CSS Custom Properties in Sass

TL;DR

Use --my-var: #{$my-sass-variable}; to be able to use Sass variables as values for CSS Custom Properties.

The problem

Let's say you have the following SVG of a circle with an exclamation mark that you want to inline in your markup.

<svg height="48" width="48" viewBox="0 0 48 48">
  <circle fill="currentColor" cx="24" cy="24" r="20" />
  <rect
    fill="#fff"
    x="21"
    y="10"
    width="6"
    height="18"
    style="fill: var(--fill, #fff)"
  />
  <circle fill="#fff" cx="24" cy="35" r="5" style="fill: var(--fill, #fff)" />
</svg>

If you want to change just one colour, in this case the circle, you can use a fill attribute with currentColor as its value. This allows you to change the background colour of the circle using SCSS, like so:

$dark-blue: #ff1493;

svg {
  color: $dark-blue;
}

This works perfectly fine but it is limited to just one colour. CSS Custom Properties can help if you wanted to change more than just one colour.
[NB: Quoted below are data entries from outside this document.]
lemma row_kernel_measurable: "row_kernel \<in> M \<rightarrow>\<^sub>M subprob_algebra M"
proof (rule measurable_subprob_algebra)
  fix x assume x: "x \<in> space M"
  show "sets (row_kernel x) = sets M"
    unfolding swap_row_kernel_def by simp
  have space: "space (row_kernel x) = space M"
    unfolding swap_row_kernel_def by simp
  have "emeasure (row_kernel x) (space M) \<le> 1"
    unfolding swap_row_kernel_def emeasure_distr_measure_pmf_id[OF sets.top]
    by (rule measure_pmf.emeasure_le_1)
  then show "subprob_space (row_kernel x)"
    by (intro subprob_spaceI) (simp_all add: space space_ne)
next
  fix A assume A[measurable]: "A \<in> sets M"
  have [measurable]: "(\<lambda>x. move_prob l x A) \<in> borel_measurable M" if "l \<in> {..<n}" for l
    using move_prob_measurable[OF _ A] that by simp
  show "(\<lambda>x. emeasure (row_kernel x) A) \<in> borel_measurable M"
    by (subst measurable_cong[OF emeasure_row_kernel[OF A]]) measurable
qed

definition dens :: "(nat \<times> nat \<Rightarrow> 'a) \<Rightarrow> ennreal" where
  "dens x = ennreal (unnorm x) / (\<integral>\<^sup>+y. ennreal (unnorm y) \<partial>M)"

lemma piQ_eq_density: "piQ \<pi> \<beta> N n = density M dens"
  by (simp add: piQ_def dens_def[abs_def])

lemma dens_measurable: "dens \<in> borel_measurable M"
  unfolding dens_def[abs_def] using unnorm_measurable by measurable

lemma nn_integral_dens_move_prob:
  assumes A: "A \<in> sets M" and l: "l < n"
  shows "(\<integral>\<^sup>+x. dens x * move_prob l x A \<partial>M) = emeasure (density M dens) A"
proof -
  have flux: "dens x * ennreal (acc l x) = ennreal (unnorm x * acc l x) / (\<integral>\<^sup>+y. ennreal (unnorm y) \<partial>M)" for x
    unfolding dens_def using pi_nonneg acc_range
    by (simp add: unnorm_piQ_def prod_nonneg ennreal_mult divide_ennreal_def mult_ac)
  show ?thesis
    unfolding move_prob_def
    by (rule metropolis_step_preserves_density[OF sw_measurable[OF l] adm_pred[OF l] acc_measurable[OF l]
          dens_measurable A])
       (simp_all add: acc_range acc_rejected flux detailed_balance nn_integral_sw l)
qed

lemma invariant_row_kernel: "invariant_kernel (piQ \<pi> \<beta> N n) M row_kernel"
proof -
  have kernel: "row_kernel \<in> density M dens \<rightarrow>\<^sub>M subprob_algebra M"
    using row_kernel_measurable by (simp cong: measurable_cong_sets)
  have sets: "sets (density M dens \<bind> row_kernel) = sets M"
    by (rule sets_bind) (simp_all add: swap_row_kernel_def space_ne)
  have "density M dens \<bind> row_kernel = density M dens"
  proof (rule measure_eqI)
    fix A assume "A \<in> sets (density M dens \<bind> row_kernel)"
    then have A: "A \<in> sets M"
      using sets by simp
    note [measurable] = A dens_measurable
    have "emeasure (density M dens \<bind> row_kernel) A = (\<integral>\<^sup>+x. dens x * emeasure (row_kernel x) A \<partial>M)"
      using measurable_emeasure_subprob_algebra[OF A] row_kernel_measurable
      by (simp add: emeasure_bind[OF _ kernel A] nn_integral_density space_ne)
    also have "\<dots> = (\<integral>\<^sup>+x. (\<Sum>l<n. dens x * move_prob l x A) / of_nat n \<partial>M)"
      by (intro nn_integral_cong) (simp add: emeasure_row_kernel A ennreal_times_divide sum_distrib_left)
    also have "\<dots> = (\<integral>\<^sup>+x. (\<Sum>l<n. dens x * move_prob l x A) \<partial>M) / of_nat n"
      using move_prob_measurable[OF _ A] by (intro nn_integral_divide borel_measurable_sum) auto
    also have "\<dots> = (\<Sum>l<n. \<integral>\<^sup>+x. dens x * move_prob l x A \<partial>M) / of_nat n"
      using move_prob_measurable[OF _ A] by (subst nn_integral_sum) auto
    also have "\<dots> = of_nat n * emeasure (density M dens) A / of_nat n"
      by (simp add: nn_integral_dens_move_prob A)
    also have "\<dots> = emeasure (density M dens) A"
      using n_pos by (subst mult.commute) (simp add: ennreal_mult_divide_eq)
    finally show "emeasure (density M dens \<bind> row_kernel) A = emeasure (density M dens) A" .
  qed (simp add: sets)
  then show ?thesis
    unfolding invariant_kernel_def piQ_eq_density using row_kernel_measurable by simp
qed

end

lemma invariant_kernel_quanta_phase:
  assumes "\<And>i. i \<in> set row_list \<Longrightarrow> swap_row \<pi> m \<beta> N n mufun Kfun i"
  shows "invariant_kernel (piQ \<pi> \<beta> N n) (cfg_space N n) (quanta_phase \<pi> m mufun Kfun \<beta> N n row_list)"
  unfolding quanta_phase_def
proof (rule invariant_kernel_kseq)
  show "sets (piQ \<pi> \<beta> N n) = sets (cfg_space N n)"
    by (simp add: piQ_def)
qed (auto intro!: swap_row.invariant_row_kernel assms)

lemma decreasing_upto_le:
  fixes f :: "nat \<Rightarrow> 'b::linorder"
  assumes dec: "\<And>j. j < n \<Longrightarrow> f (Suc j) < f j" and "j \<le> n"
  shows "f n \<le> f j"
  using \<open>j \<le> n\<close>
proof (induction rule: inc_induct)
  case (step j)
  then show ?case
    using dec[of j] by simp
qed simp
(* Let $\mathcal{H}$ be a tree-to-tree Hennie machine (THM) with input ranked alphabet $\Sigma$ and output ranked alphabet $\Gamma$. Then $[\![\mathcal{H}]\!]$ has linear size-to-height increase: there exist constants $c,d$ such that for every $t\in T_\Sigma$ in the domain of $[\![\mathcal{H}]\!]$, $\mathrm{height}([\![\mathcal{H}]\!](t))\le c\,|t|+d$.
   Context: A ranked alphabet is a finite set $\Sigma$ with a map $\mathrm{rank}:\Sigma\to\mathbb{N}$; $\max\mathrm{rank}(\Sigma)$ is the maximal rank. A tree over $\Sigma$ is a finite ordered tree with nodes labeled in $\Sigma$ such that a node labeled $\sigma$ has exactly $\mathrm{rank}(\sigma)$ children; nodes are words over positive integers: the root is $\varepsilon$, the $i$-th child of $u$ is $ui$, and $u{\uparrow}$ denotes the parent of $u\neq\varepsilon$. $T_\Sigma$ is the set of trees over $\Sigma$; for a set $Y$ disjoint from $\Sigma$, $T_\Sigma[Y]$ is the set of trees over $\Sigma\cup Y$ where elements of $Y$ have rank $0$. $|t|$ is the number of nodes of $t$ and $\mathrm{height}(t)$ the maximal number of edges on a root-to-leaf path. An unrestricted tree-to-tree Hennie machine (uTHM) is a tuple $\mathcal{H}=(Q,M,\top,\Sigma,\Gamma,q_{init},\delta)$ where $Q$ is a finite set of states, $M$ a finite set of memory symbols, $\top\in M$, $\Sigma,\Gamma$ ranked alphabets (input/output), $q_{init}\in Q$, and $\delta:Q\times\Sigma\times M\rightharpoonup T_\Gamma[Q\times M\times D]$ is a partial function, $D=\{\uparrow\}\cup\{1,\dots,\max\mathrm{rank}(\Sigma)\}$, such that every leaf label $(q',m',d)$ of $\delta(q,\sigma,m)$ has $d\in\{\uparrow,1,\dots,\mathrm{rank}(\sigma)\}$. On an input $t\in T_\Sigma$, a configuration is a triple $(u,q,\mu)$ with $u$ a node of $t$, $q\in Q$, $\mu$ a map from nodes of $t$ to $M$; the initial configuration is $(\varepsilon,q_{init},\mu_\top)$ with $\mu_\top$ constantly $\top$. For a configuration $(u,q,\mu)$ and $(q',m',d)\in Q\times M\times D$, the successor is $(ud,q',\mu')$ where $\mu'(u)=m'$, $\mu'=\mu$ elsewhere, and $ud$ is the parent of $u$ if $d=\uparrow$ and the $d$-th child otherwise (undefined if that node does not exist). The step of a configuration $(u,q,\mu)$ is the tree obtained from $\delta(q,\mathrm{lab}_t(u),\mu(u))$ by replacing every leaf $(q',m',d)$ by the corresponding successor configuration (undefined if $\delta$ or a successor is undefined). Starting from the initial configuration and repeatedly replacing configuration-labeled leaves by their steps is a confluent rewriting; $[\![\mathcal{H}]\!](t)$ is the unique tree of $T_\Gamma$ so reached, if it exists, and is undefined otherwise. A branch-outputting run on $t$ is a sequence of configurations $C_0,\dots,C_n$ with $C_0$ initial and each $C_{i+1}$ a leaf label of the step of $C_i$. Its number of visits at a set $S$ of nodes is the number of $i$ such that the position of $C_i$ lies in $S$. $\mathcal{H}$ is a tree-to-tree Hennie machine (THM) if there is $N$ such that for every $t\in T_\Sigma$, every node $u$ of $t$ and every branch-outputting run on $t$, the number of visits at $\{u\}$ is at most $N$. *)

theory Defs
  imports Main
begin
The <rect /> and the second <circle /> in the SVG above have their fill attribute set to white (#fff). In modern browsers this can be overriden using CSS Custom Properties. The style attribute in the SVG above uses a custom property --fill that can be given a value in SCSS to apply a different fill colour [1]. In SCSS it looks like this, but unfortunately this does not work.

$dark-blue: #ff1493;
$yellow: #800080;

svg {
  color: $dark-blue; // this does not work as expected
  --fill: $yellow;
}

What ended up in the browser was the following:

svg {
  color: #ff1493;
  --fill: $yellow;
}

This obviously does not work and resulted in a black exclamation mark on a dark blue background instead of the yellow exclamation mark that was expected.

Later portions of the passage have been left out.